The Benefit of Precision Medicine According to Christensen
Ultimately, Precision medicine will yield treatments that typically deliver treatment effects that are clinically significant with safety profiles that are favorable. Close to that, it will create a better selection of disease identification and targets of patient populations which will experience enhanced clinical outcomes. Another important aspect is that Precision Medicine will play a key role in selecting particular patients for treatment which will avoid adverse events that are drug related. The success of Precision Medicine is predictable particularly in the suitable selection of projects that in a big way benefit from its application thereby fulfilling these criteria:
- Evidence of downstream pharmacodynamic effects as the main consequences of target engagement.
- Strong data package of human biology with evidence that its modulation could likely produce a meaningful clinical effect and that drug target is a key driver of disease.
- Biomarkers prognostic of clinical benefit both for safety/toxicity and efficacy to allow associated diagnostic markers and population stratification if appropriate.
Personalized Medicine
Personalized medicine is defined by Christensen as the concept of knowing what works, why it works and specifically whom it works for in applying the knowledge for patients. It basically entails delivering predictive, participatory and proactive treatment to patients unlike today’s status quo. Personalized medicine uses very refined and sophisticated diagnostic testing to get to the specific diagnosis that is aligned with the involved person’s genetic makeup at the molecular stage. It is therefore the ability to determine the unique molecular characteristics of an individual and diagnose an individual’s disease more finely using the genetic distinctions while selecting treatments that increase chances of reducing the chances of unfavorable reactions.

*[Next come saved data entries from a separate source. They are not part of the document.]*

text \<open>Comparison with \<open>e exp ((L+1) t)\<close> for every \<open>e > 0\<close>.\<close>
lemma gronwall_dini_nonpos:
  fixes w :: "real \<Rightarrow> real"
  assumes L: "0 \<le> L" and w0: "w 0 = 0" and cont: "continuous_on {0..} w"
    and step: "\<And>t e. 0 \<le> t \<Longrightarrow> 0 < e \<Longrightarrow> \<exists>d>0. \<forall>h. 0 < h \<and> h < d \<longrightarrow> w (t+h) \<le> w t * (1 + h*L) + h*e"
    and t0: "0 \<le> t0"
  shows "w t0 \<le> 0"
proof -
  have bound: "w t0 \<le> e * exp ((L+1) * t0)" if e: "0 < e" for e
  proof -
    define b where "b r = e * exp ((L+1) * r)" for r
    have e_le_b: "e \<le> b r" if "0 \<le> r" for r
      unfolding b_def using e that L by simp
    have "w t0 - b t0 \<le> 0"
    proof (rule nonpos_by_right_continuation[where \<phi> = "\<lambda>r. w r - b r"])
      show "continuous_on {0..t0} (\<lambda>r. w r - b r)"
        unfolding b_def using cont by (intro continuous_intros) (auto elim: continuous_on_subset)
      show "w 0 - b 0 \<le> 0" using w0 e_le_b[of 0] e by simp
      fix s assume s: "0 \<le> s" and ws: "w s - b s \<le> 0"
      obtain d where d: "d > 0" "\<forall>h. 0 < h \<and> h < d \<longrightarrow> w (s+h) \<le> w s * (1 + h*L) + h*e"
        using step[OF s e] by blast
      have "w (s+h) \<le> b (s+h)" if h: "0 < h" "h < d" for h
      proof -
        have "w (s+h) \<le> w s * (1 + h*L) + h*e" using d h by auto
        also have "\<dots> \<le> b s * (1 + h*L) + h * b s"
          using ws h L e_le_b[OF s] by (intro add_mono mult_right_mono mult_left_mono) auto
        also have "\<dots> = b s * (1 + h*(L+1))" by (simp add: algebra_simps)
        also have "\<dots> \<le> b s * exp (h*(L+1))"
          using e_le_b[OF s] e by (intro mult_left_mono) (auto intro: exp_ge_add_one_self)
        also have "\<dots> = b (s+h)" unfolding b_def by (simp add: algebra_simps exp_add)
        finally show ?thesis .
      qed
      then show "\<exists>d>0. \<forall>h. 0 < h \<and> h < d \<longrightarrow> w (s + h) - b (s + h) \<le> 0" using d(1) by auto
    qed (use t0 in auto)
    then show ?thesis unfolding b_def by simp
  qed
  show ?thesis
  proof (rule field_le_epsilon)
    fix e :: real assume "0 < e"
    then have "w t0 \<le> e / exp ((L+1) * t0) * exp ((L+1) * t0)" by (intro bound) simp
    then show "w t0 \<le> 0 + e" by simp
  qed
qed

section \<open>Euler polygons of a Lipschitz vector field on \<open>L\<^sup>1\<close>\<close>

locale L1_lipschitz_field =
  fixes M :: "'a measure" and F :: "('a \<Rightarrow> real) \<Rightarrow> 'a \<Rightarrow> real" and L :: real
  assumes integrable_F: "integrable M v \<Longrightarrow> integrable M (F v)"
    and lipschitz_F: "integrable M v \<Longrightarrow> integrable M w \<Longrightarrow>
        L1_norm M (\<lambda>x. F v x - F w x) \<le> L * L1_norm M (\<lambda>x. v x - w x)"
    and L_nonneg: "0 \<le> L"
begin

lemma L1_lipschitz_field_uminus: "L1_lipschitz_field M (\<lambda>v x. - F v x) L"
proof
  fix v w :: "'a \<Rightarrow> real" assume vw: "integrable M v" "integrable M w"
  have "L1_norm M (\<lambda>x. - F v x - - F w x) = L1_norm M (\<lambda>x. F w x - F v x)" by (intro L1_norm_cong) simp
  also have "\<dots> \<le> L * L1_norm M (\<lambda>x. v x - w x)"
    using lipschitz_F[OF vw(2,1)] by (simp add: L1_norm_minus_commute[of M w])
  finally show "L1_norm M (\<lambda>x. - F v x - - F w x) \<le> L * L1_norm M (\<lambda>x. v x - w x)" .
qed (use integrable_F L_nonneg in auto)

fun euler :: "('a \<Rightarrow> real) \<Rightarrow> real \<Rightarrow> nat \<Rightarrow> 'a \<Rightarrow> real" where
  "euler v h 0 = v"
| "euler v h (Suc j) = (\<lambda>x. euler v h j x + h * F (euler v h j) x)"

How Personalized Medicine Differs from Precision Medicine
Personalized medicine is the combination of emerging molecular information with established clinical parameters to create diagnostic, preventive and therapeutic solutions which are tailored individually to the requirements of each patient. Personalized approaches therefore facilitate healthcare delivery that is more precise based on the specific molecular data. Precision medicine on the other hand has the potential to seemingly deliver certain very significant changes on health care such as: treatment, improving diagnosis and patient prognosis. The emergence of precision medicine is imminent as it has the ability to drive deeper structural changes in the delivery of health care (Ginsburg 228). In addition to that, it improves the outcomes for patients. It has full potential to bring along significant efficiency savings thereby transforming health and saving money and lives of people.
Works Cited
Carey, Leeanne M. Stroke Rehabilitation: Insights from Neuroscience and Imaging. New York: Oxford University Press, 2012. Print.
Willard, Huntington F, and Geoffrey S. Ginsburg. Essentials of Genomic and Personalized Medicine. Amsterdam: Academic, 2010. Internet resource.
Ginsburg, Geoffrey S, and Huntington F. Willard. Genomic and Personalized Medicine. London: Elsevier/Academic Press, 2013. Internet resource.